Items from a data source
(* Let $v$ be a quadratic vector field on $\mathbb{C}^2$ having four distinct non-degenerate singular points $p_1,p_2,p_3,p_4$. Then the position $p_4$ and the pair $(\operatorname{tr}Dv(p_4),\det Dv(p_4))$ are uniquely determined by the positions $p_1,p_2,p_3$ together with the pairs $(\operatorname{tr}Dv(p_k),\det Dv(p_k))$ for $k=1,2,3$. In particular, if two such quadratic vector fields share three singular points, with the same trace and determinant of the linearization at each of them, then they share the fourth singular point, with the same trace and determinant there as well.
   Context: A quadratic vector field is $v=P\,\partial_x+Q\,\partial_y$ with $P,Q\in\mathbb{C}[x,y]$ of degree at most $2$. $Dv$ denotes the Jacobian matrix of $(P,Q)$. A singular point $p$ is a common zero of $P,Q$, and it is non-degenerate if $\det Dv(p)\ne0$. *)

theory Defs
  imports "HOL-Analysis.Analysis"
begin

record qpoly =
  c00 :: complex
  c10 :: complex
  c01 :: complex
  c20 :: complex
  c11 :: complex
  c02 :: complex

definition qeval :: "qpoly \<Rightarrow> complex \<Rightarrow> complex \<Rightarrow> complex" where
  "qeval p x y = c00 p + c10 p * x + c01 p * y + c20 p * x^2 + c11 p * x * y + c02 p * y^2"

definition qdx :: "qpoly \<Rightarrow> complex \<Rightarrow> complex \<Rightarrow> complex" where
  "qdx p x y = c10 p + 2 * c20 p * x + c11 p * y"

definition qdy :: "qpoly \<Rightarrow> complex \<Rightarrow> complex \<Rightarrow> complex" where
  "qdy p x y = c01 p + c11 p * x + 2 * c02 p * y"

text \<open>A quadratic vector field v = P d/dx + Q d/dy is the pair (P, Q).\<close>
type_synonym qvf = "qpoly \<times> qpoly"

definition singular_point :: "qvf \<Rightarrow> complex \<times> complex \<Rightarrow> bool" where
  "singular_point v p \<longleftrightarrow> qeval (fst v) (fst p) (snd p) = 0 \<and> qeval (snd v) (fst p) (snd p) = 0"

definition Dv :: "qvf \<Rightarrow> complex \<times> complex \<Rightarrow> complex^2^2" where
  "Dv v p = vector [vector [qdx (fst v) (fst p) (snd p), qdy (fst v) (fst p) (snd p)],
                    vector [qdx (snd v) (fst p) (snd p), qdy (snd v) (fst p) (snd p)]]"

definition nondeg_singular_point :: "qvf \<Rightarrow> complex \<times> complex \<Rightarrow> bool" where
  "nondeg_singular_point v p \<longleftrightarrow> singular_point v p \<and> det (Dv v p) \<noteq> 0"

end

theory Submission
  imports Defs
begin

text \<open>For four non-degenerate singular points p1, ..., p4 of a quadratic vector field the
Euler--Jacobi formula holds: the sum over k of f(p_k) / det Dv(p_k) vanishes for every affine f.
Indeed, the four reciprocals 1 / det Dv(p_k) are proportional to the coefficients
\<plusminus>area(p_i, p_j, p_l) of the affine dependence among the four points; this follows from
Taylor expansion at p_k, which expresses area(p_k, p_i, p_j) * det Dv(p_k) through the quadratic
parts alone. Applied to f = 1, x, y and tr Dv, whose values (and the determinants) at p1, p2, p3
are shared by the two fields, the formula pins down det Dv, the coordinates and tr Dv at the fourth
point.\<close>

definition cdot3 :: "complex^3 \<Rightarrow> complex^3 \<Rightarrow> complex" where
  "cdot3 a b = a$1 * b$1 + a$2 * b$2 + a$3 * b$3"

definition ccross3 :: "complex^3 \<Rightarrow> complex^3 \<Rightarrow> complex^3" where
  "ccross3 a b = vector [a$2 * b$3 - a$3 * b$2, a$3 * b$1 - a$1 * b$3, a$1 * b$2 - a$2 * b$1]"

lemma cdot3_scalar_mult_left [simp]: "cdot3 (c *s a) b = c * cdot3 a b"
  by (simp add: cdot3_def algebra_simps)

lemma cdot3_zero_left [simp]: "cdot3 0 b = 0"
  by (simp add: cdot3_def)

lemma binet_cauchy_cdot3:
  "cdot3 a u * cdot3 b w - cdot3 b u * cdot3 a w = cdot3 (ccross3 a b) (ccross3 u w)"
  unfolding cdot3_def ccross3_def by simp algebra

lemma cdot3_eq_0_imp_parallel_ccross3:
  assumes "cdot3 a l = 0" "cdot3 b l = 0" "ccross3 a b \<noteq> 0"
  obtains c where "l = c *s ccross3 a b"
proof -
  define n where "n = ccross3 a b"
  have "\<forall>i j. n$i * l$j = n$j * l$i"
    using assms(1,2) unfolding forall_3 n_def ccross3_def cdot3_def by simp algebra
  then have par: "n$i * l$j = n$j * l$i" for i j by blast
  obtain k where "n$k \<noteq> 0"
    using assms(3) unfolding n_def by (auto simp: vec_eq_iff)
  then have "l = (l$k / n$k) *s n"
    using par[of k] by (simp add: vec_eq_iff field_simps)
  then show ?thesis using that unfolding n_def by blast
qed

definition cross2 :: "complex \<times> complex \<Rightarrow> complex \<times> complex \<Rightarrow> complex" where
  "cross2 u w = fst u * snd w - snd u * fst w"

definition area2 :: "complex \<times> complex \<Rightarrow> complex \<times> complex \<Rightarrow> complex \<times> complex \<Rightarrow> complex" where
  "area2 p q r = cross2 (q - p) (r - p)"

definition alt_area_sum ::
    "(complex \<times> complex \<Rightarrow> complex) \<Rightarrow> complex \<times> complex \<Rightarrow> complex \<times> complex
       \<Rightarrow> complex \<times> complex \<Rightarrow> complex \<times> complex \<Rightarrow> complex" where
  "alt_area_sum f p1 p2 p3 p4 =
     area2 p2 p3 p4 * f p1 - area2 p1 p3 p4 * f p2 + area2 p1 p2 p4 * f p3 - area2 p1 p2 p3 * f p4"

definition affine_fun :: "(complex \<times> complex \<Rightarrow> complex) \<Rightarrow> bool" where
  "affine_fun f \<longleftrightarrow> (\<exists>a b c. \<forall>x y. f (x, y) = a + b * x + c * y)"

lemma alt_area_sum_affine:
  assumes "affine_fun f"
  shows "alt_area_sum f p1 p2 p3 p4 = 0"
proof -
  obtain a b c where abc: "\<And>x y. f (x, y) = a + b * x + c * y"
    using assms unfolding affine_fun_def by blast
  show ?thesis
    unfolding alt_area_sum_def area2_def cross2_def
    by (induct p1, induct p2, induct p3, induct p4) (simp add: abc, algebra)
qed

lemma cross2_eq_0_imp_multiple:
  assumes "cross2 u w = 0" "u \<noteq> 0"
  obtains t where "w = (t * fst u, t * snd u)"
proof (cases "fst u = 0")
  case True
  with assms have "snd u \<noteq> 0" "fst w = 0"
    by (auto simp: cross2_def prod_eq_iff)
  then show ?thesis
    using that[of "snd w / snd u"] True by (simp add: prod_eq_iff)
next
  case False
  with assms(1) have "snd w = fst w / fst u * snd u"
    by (simp add: cross2_def field_simps)
  then show ?thesis
    using that[of "fst w / fst u"] False by (simp add: prod_eq_iff)
qed

definition quad_coeffs :: "qpoly \<Rightarrow> complex^3" where
  "quad_coeffs P = vector [c20 P, c11 P, c02 P]"

definition veronese :: "complex \<times> complex \<Rightarrow> complex^3" where
  "veronese u = vector [fst u ^ 2, fst u * snd u, snd u ^ 2]"

definition dir_deriv :: "qpoly \<Rightarrow> complex \<times> complex \<Rightarrow> complex \<times> complex \<Rightarrow> complex" where
  "dir_deriv P p u = qdx P (fst p) (snd p) * fst u + qdy P (fst p) (snd p) * snd u"

lemma qeval_taylor:
  "qeval P (fst q) (snd q) =
     qeval P (fst p) (snd p) + dir_deriv P p (q - p) + cdot3 (quad_coeffs P) (veronese (q - p))"
  unfolding qeval_def dir_deriv_def qdx_def qdy_def quad_coeffs_def veronese_def cdot3_def
  by simp algebra

lemma dir_deriv_between_zeros:
  assumes "qeval P (fst p) (snd p) = 0" "qeval P (fst q) (snd q) = 0"
  shows "dir_deriv P p (q - p) = - cdot3 (quad_coeffs P) (veronese (q - p))"
  using qeval_taylor[of P q p] assms by (simp add: eq_neg_iff_add_eq_0)

lemma dir_deriv_zero_of_collinear_zeros:
  assumes "qeval P (fst p) (snd p) = 0" "qeval P (fst q) (snd q) = 0" "qeval P (fst r) (snd r) = 0"
    and r: "r - p = (t * fst (q - p), t * snd (q - p))" and "t \<noteq> 0" "t \<noteq> 1"
  shows "dir_deriv P p (q - p) = 0"
proof -
  define A where "A = cdot3 (quad_coeffs P) (veronese (q - p))"
  have "dir_deriv P p (q - p) = - A"
    using dir_deriv_between_zeros[OF assms(1,2)] by (simp add: A_def)
  moreover have "t * dir_deriv P p (q - p) = - (t^2 * A)"
    using dir_deriv_between_zeros[OF assms(1,3)] unfolding r A_def
    by (simp add: dir_deriv_def veronese_def cdot3_def algebra_simps power2_eq_square)
  ultimately have "A * t * (t - 1) = 0" by algebra
  with assms(5,6) have "A = 0" by simp
  with \<open>dir_deriv P p (q - p) = - A\<close> show ?thesis by simp
qed

lemma det_Dv_eq:
  "det (Dv v p) = qdx (fst v) (fst p) (snd p) * qdy (snd v) (fst p) (snd p)
                - qdy (fst v) (fst p) (snd p) * qdx (snd v) (fst p) (snd p)"
  by (simp add: Dv_def det_2)

lemma trace_Dv_eq: "trace (Dv v p) = qdx (fst v) (fst p) (snd p) + qdy (snd v) (fst p) (snd p)"
  by (simp add: Dv_def trace_def sum_2)

lemma det_Dv_mult_cross2:
  "det (Dv v p) * cross2 u w =
     dir_deriv (fst v) p u * dir_deriv (snd v) p w - dir_deriv (snd v) p u * dir_deriv (fst v) p w"
  unfolding det_Dv_eq dir_deriv_def cross2_def by algebra

lemma det_Dv_eq_0_if_kernel:
  assumes "dir_deriv (fst v) p u = 0" "dir_deriv (snd v) p u = 0" "u \<noteq> 0"
  shows "det (Dv v p) = 0"
proof -
  have "det (Dv v p) * cross2 u w = 0" for w
    using assms(1,2) by (simp add: det_Dv_mult_cross2)
  from this[of "(1, 0)"] this[of "(0, 1)"] assms(3) show ?thesis
    by (auto simp: cross2_def prod_eq_iff)
qed

lemma area2_singular_points_nonzero:
  assumes "nondeg_singular_point v p" "singular_point v q" "singular_point v r"
    and "distinct [p, q, r]"
  shows "area2 p q r \<noteq> 0"
proof
  assume "area2 p q r = 0"
  moreover have "q - p \<noteq> 0" using assms(4) by auto
  ultimately obtain t where t: "r - p = (t * fst (q - p), t * snd (q - p))"
    unfolding area2_def by (rule cross2_eq_0_imp_multiple)
  have "t \<noteq> 0" "t \<noteq> 1"
    using t assms(4) by (auto simp: prod_eq_iff)
  then have "dir_deriv F p (q - p) = 0" if "F \<in> {fst v, snd v}" for F
    using that assms(1-3) t
    by (auto simp: nondeg_singular_point_def singular_point_def
             intro: dir_deriv_zero_of_collinear_zeros)
  with \<open>q - p \<noteq> 0\<close> have "det (Dv v p) = 0"
    by (intro det_Dv_eq_0_if_kernel) auto
  with assms(1) show False by (simp add: nondeg_singular_point_def)
qed

lemma area2_mult_det_Dv:
  assumes "singular_point v p" "singular_point v q" "singular_point v r"
  shows "area2 p q r * det (Dv v p) =
    cdot3 (ccross3 (quad_coeffs (fst v)) (quad_coeffs (snd v)))
          (ccross3 (veronese (q - p)) (veronese (r - p)))"
proof -
  have "dir_deriv F p (s - p) = - cdot3 (quad_coeffs F) (veronese (s - p))"
    if "F \<in> {fst v, snd v}" "s \<in> {q, r}" for F s
    using that assms by (auto simp: singular_point_def intro: dir_deriv_between_zeros)
  then show ?thesis
    unfolding area2_def mult.commute[of "cross2 _ _"] det_Dv_mult_cross2
    by (simp add: binet_cauchy_cdot3[symmetric])
qed

definition veronese_alt_sum ::
    "complex \<times> complex \<Rightarrow> complex \<times> complex \<Rightarrow> complex \<times> complex \<Rightarrow> complex \<times> complex \<Rightarrow> complex^3" where
  "veronese_alt_sum p1 p2 p3 p4 = (\<chi> i. alt_area_sum (\<lambda>p. veronese p $ i) p1 p2 p3 p4)"

lemma cdot3_quad_coeffs_veronese_alt_sum:
  "cdot3 (quad_coeffs P) (veronese_alt_sum p1 p2 p3 p4) =
     alt_area_sum (\<lambda>p. qeval P (fst p) (snd p)) p1 p2 p3 p4"
  unfolding cdot3_def quad_coeffs_def veronese_alt_sum_def veronese_def alt_area_sum_def
    area2_def cross2_def qeval_def
  by (induct p1, induct p2, induct p3, induct p4) (simp, algebra)

lemma veronese_alt_sum_cdot3_ccross3:
  fixes p1 p2 p3 p4 :: "complex \<times> complex"
  defines "l \<equiv> veronese_alt_sum p1 p2 p3 p4"
    and "D1 \<equiv> area2 p2 p3 p4" and "D2 \<equiv> area2 p1 p3 p4"
    and "D3 \<equiv> area2 p1 p2 p4" and "D4 \<equiv> area2 p1 p2 p3"
  shows "cdot3 l (ccross3 (veronese (p2 - p1)) (veronese (p3 - p1))) = area2 p1 p2 p3 * - (D2 * D3 * D4)"
    and "cdot3 l (ccross3 (veronese (p1 - p2)) (veronese (p3 - p2))) = area2 p2 p1 p3 * (D1 * D3 * D4)"
    and "cdot3 l (ccross3 (veronese (p1 - p3)) (veronese (p2 - p3))) = area2 p3 p1 p2 * - (D1 * D2 * D4)"
    and "cdot3 l (ccross3 (veronese (p1 - p4)) (veronese (p2 - p4))) = area2 p4 p1 p2 * (D1 * D2 * D3)"
  unfolding assms cdot3_def ccross3_def veronese_alt_sum_def veronese_def alt_area_sum_def
    area2_def cross2_def
  by (induct p1, induct p2, induct p3, induct p4, simp, algebra)+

● YOUR OBJECTIVE
Where in the records does the string "distinct" appear? Copy every line that has it.

● REPLY TO THE TASK
(* Let $v$ be a quadratic vector field on $\mathbb{C}^2$ having four distinct non-degenerate singular points $p_1,p_2,p_3,p_4$. Then the position $p_4$ and the pair $(\operatorname{tr}Dv(p_4),\det Dv(p_4))$ are uniquely determined by the positions $p_1,p_2,p_3$ together with the pairs $(\operatorname{tr}Dv(p_k),\det Dv(p_k))$ for $k=1,2,3$. In particular, if two such quadratic vector fields share three singular points, with the same trace and determinant of the linearization at each of them, then they share the fourth singular point, with the same trace and determinant there as well.
    and "distinct [p, q, r]"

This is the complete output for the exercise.